- Work to complete: In the entries below, find the line with "deriv (\<lambda>h. f" and the line with "(\<forall>i. \<forall>x\<in>U. (\<lambda>h.". Return those two lines and all lines between them, exactly.

** Dataset extract follows **

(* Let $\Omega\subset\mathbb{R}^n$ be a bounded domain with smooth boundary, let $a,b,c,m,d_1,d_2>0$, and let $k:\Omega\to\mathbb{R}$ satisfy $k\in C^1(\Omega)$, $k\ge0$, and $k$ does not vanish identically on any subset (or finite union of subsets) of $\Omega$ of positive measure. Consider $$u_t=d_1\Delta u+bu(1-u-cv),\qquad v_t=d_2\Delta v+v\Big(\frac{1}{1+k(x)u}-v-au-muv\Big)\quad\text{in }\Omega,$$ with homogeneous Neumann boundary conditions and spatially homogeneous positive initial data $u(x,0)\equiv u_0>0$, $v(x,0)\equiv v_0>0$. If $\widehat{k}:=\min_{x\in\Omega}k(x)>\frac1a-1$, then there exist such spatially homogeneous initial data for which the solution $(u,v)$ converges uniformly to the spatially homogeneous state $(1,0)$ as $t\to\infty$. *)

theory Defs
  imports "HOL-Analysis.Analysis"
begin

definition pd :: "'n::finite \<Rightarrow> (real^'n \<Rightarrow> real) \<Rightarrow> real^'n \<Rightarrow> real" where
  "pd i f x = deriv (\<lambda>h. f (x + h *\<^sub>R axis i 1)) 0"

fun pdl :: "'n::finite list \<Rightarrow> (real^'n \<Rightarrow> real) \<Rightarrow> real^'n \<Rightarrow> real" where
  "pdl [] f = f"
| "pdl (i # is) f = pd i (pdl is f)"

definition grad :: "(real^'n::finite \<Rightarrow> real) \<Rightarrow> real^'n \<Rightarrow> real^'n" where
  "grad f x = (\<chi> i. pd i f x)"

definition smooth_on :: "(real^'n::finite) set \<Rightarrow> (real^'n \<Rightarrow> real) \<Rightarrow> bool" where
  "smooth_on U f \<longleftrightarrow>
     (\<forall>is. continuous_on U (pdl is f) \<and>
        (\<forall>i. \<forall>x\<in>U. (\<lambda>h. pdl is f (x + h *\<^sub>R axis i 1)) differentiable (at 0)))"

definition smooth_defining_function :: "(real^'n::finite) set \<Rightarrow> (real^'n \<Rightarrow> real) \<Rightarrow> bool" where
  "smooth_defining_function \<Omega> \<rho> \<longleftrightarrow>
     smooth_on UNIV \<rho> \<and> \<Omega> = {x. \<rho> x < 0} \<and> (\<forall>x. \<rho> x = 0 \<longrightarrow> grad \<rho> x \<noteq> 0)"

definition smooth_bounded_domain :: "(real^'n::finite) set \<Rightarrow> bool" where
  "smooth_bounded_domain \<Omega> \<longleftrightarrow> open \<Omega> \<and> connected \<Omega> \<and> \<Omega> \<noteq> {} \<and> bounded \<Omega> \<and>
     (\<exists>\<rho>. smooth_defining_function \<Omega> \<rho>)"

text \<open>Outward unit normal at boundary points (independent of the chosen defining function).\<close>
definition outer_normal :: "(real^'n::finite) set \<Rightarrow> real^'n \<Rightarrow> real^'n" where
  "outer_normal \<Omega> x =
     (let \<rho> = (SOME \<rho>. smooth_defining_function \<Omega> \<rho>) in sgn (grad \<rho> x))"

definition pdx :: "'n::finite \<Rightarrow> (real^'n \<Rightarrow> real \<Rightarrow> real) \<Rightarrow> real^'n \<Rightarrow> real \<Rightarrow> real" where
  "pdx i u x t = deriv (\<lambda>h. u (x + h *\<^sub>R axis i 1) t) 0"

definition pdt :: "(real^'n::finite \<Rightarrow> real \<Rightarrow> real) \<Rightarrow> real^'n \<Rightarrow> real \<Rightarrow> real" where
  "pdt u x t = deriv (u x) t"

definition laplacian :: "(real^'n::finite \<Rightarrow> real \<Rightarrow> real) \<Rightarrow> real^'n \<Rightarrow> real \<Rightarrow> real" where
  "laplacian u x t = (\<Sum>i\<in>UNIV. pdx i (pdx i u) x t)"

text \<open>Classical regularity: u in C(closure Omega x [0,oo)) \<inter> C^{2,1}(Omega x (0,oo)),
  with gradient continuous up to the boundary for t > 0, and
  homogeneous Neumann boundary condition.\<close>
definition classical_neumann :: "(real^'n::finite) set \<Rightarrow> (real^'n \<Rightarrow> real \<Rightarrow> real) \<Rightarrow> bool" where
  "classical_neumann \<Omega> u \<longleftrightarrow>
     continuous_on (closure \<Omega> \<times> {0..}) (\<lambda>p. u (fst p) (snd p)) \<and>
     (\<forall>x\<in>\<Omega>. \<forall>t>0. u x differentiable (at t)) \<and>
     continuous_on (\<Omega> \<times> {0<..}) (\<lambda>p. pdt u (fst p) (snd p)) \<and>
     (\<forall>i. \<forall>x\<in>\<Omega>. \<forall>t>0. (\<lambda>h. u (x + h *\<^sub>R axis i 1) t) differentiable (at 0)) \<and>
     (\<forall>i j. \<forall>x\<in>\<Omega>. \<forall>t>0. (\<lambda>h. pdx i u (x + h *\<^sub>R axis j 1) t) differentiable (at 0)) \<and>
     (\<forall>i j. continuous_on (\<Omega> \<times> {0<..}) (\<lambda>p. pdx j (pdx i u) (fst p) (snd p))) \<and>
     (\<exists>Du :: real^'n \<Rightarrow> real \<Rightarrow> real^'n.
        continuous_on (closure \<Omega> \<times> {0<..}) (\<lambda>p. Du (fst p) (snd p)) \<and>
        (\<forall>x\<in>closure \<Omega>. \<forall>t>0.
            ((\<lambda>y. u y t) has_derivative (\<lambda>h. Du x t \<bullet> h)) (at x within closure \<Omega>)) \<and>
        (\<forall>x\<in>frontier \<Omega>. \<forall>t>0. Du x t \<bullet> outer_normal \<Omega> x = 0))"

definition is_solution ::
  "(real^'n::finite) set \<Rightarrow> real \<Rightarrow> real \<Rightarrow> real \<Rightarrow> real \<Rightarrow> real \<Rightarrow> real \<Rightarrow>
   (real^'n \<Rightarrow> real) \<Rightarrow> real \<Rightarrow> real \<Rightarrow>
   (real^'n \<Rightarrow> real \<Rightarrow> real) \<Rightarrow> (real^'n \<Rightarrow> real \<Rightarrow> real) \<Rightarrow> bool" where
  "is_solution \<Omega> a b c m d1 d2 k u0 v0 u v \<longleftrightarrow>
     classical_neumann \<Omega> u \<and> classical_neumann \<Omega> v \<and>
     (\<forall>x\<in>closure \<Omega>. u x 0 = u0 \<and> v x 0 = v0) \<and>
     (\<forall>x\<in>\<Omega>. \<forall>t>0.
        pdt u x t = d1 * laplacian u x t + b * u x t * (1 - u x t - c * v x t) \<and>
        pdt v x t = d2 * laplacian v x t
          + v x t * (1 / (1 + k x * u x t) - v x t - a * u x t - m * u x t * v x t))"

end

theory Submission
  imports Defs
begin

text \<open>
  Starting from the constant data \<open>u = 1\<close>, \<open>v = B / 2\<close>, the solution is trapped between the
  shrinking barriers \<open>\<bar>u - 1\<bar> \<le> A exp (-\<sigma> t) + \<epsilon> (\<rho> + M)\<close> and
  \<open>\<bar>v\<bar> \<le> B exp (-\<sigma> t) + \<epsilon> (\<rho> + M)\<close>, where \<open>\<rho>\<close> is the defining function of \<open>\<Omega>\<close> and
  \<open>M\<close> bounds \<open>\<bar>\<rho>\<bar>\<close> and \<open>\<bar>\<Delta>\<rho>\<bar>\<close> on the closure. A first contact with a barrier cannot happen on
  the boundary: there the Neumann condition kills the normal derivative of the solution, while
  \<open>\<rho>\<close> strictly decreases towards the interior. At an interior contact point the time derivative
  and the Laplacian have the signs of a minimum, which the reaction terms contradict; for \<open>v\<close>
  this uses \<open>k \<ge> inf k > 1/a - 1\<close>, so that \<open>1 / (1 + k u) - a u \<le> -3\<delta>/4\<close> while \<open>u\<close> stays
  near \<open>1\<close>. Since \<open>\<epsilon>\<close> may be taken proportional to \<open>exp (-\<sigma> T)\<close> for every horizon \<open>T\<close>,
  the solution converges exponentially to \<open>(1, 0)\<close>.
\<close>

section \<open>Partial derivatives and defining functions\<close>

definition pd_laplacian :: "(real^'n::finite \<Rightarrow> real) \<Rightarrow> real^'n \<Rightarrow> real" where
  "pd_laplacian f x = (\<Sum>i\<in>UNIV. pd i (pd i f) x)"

** End of Dataset extract **

- Answer space:
  "pd i f x = deriv (\<lambda>h. f (x + h *\<^sub>R axis i 1)) 0"

fun pdl :: "'n::finite list \<Rightarrow> (real^'n \<Rightarrow> real) \<Rightarrow> real^'n \<Rightarrow> real" where
  "pdl [] f = f"
| "pdl (i # is) f = pd i (pdl is f)"

definition grad :: "(real^'n::finite \<Rightarrow> real) \<Rightarrow> real^'n \<Rightarrow> real^'n" where
  "grad f x = (\<chi> i. pd i f x)"

definition smooth_on :: "(real^'n::finite) set \<Rightarrow> (real^'n \<Rightarrow> real) \<Rightarrow> bool" where
  "smooth_on U f \<longleftrightarrow>
     (\<forall>is. continuous_on U (pdl is f) \<and>
        (\<forall>i. \<forall>x\<in>U. (\<lambda>h. pdl is f (x + h *\<^sub>R axis i 1)) differentiable (at 0)))"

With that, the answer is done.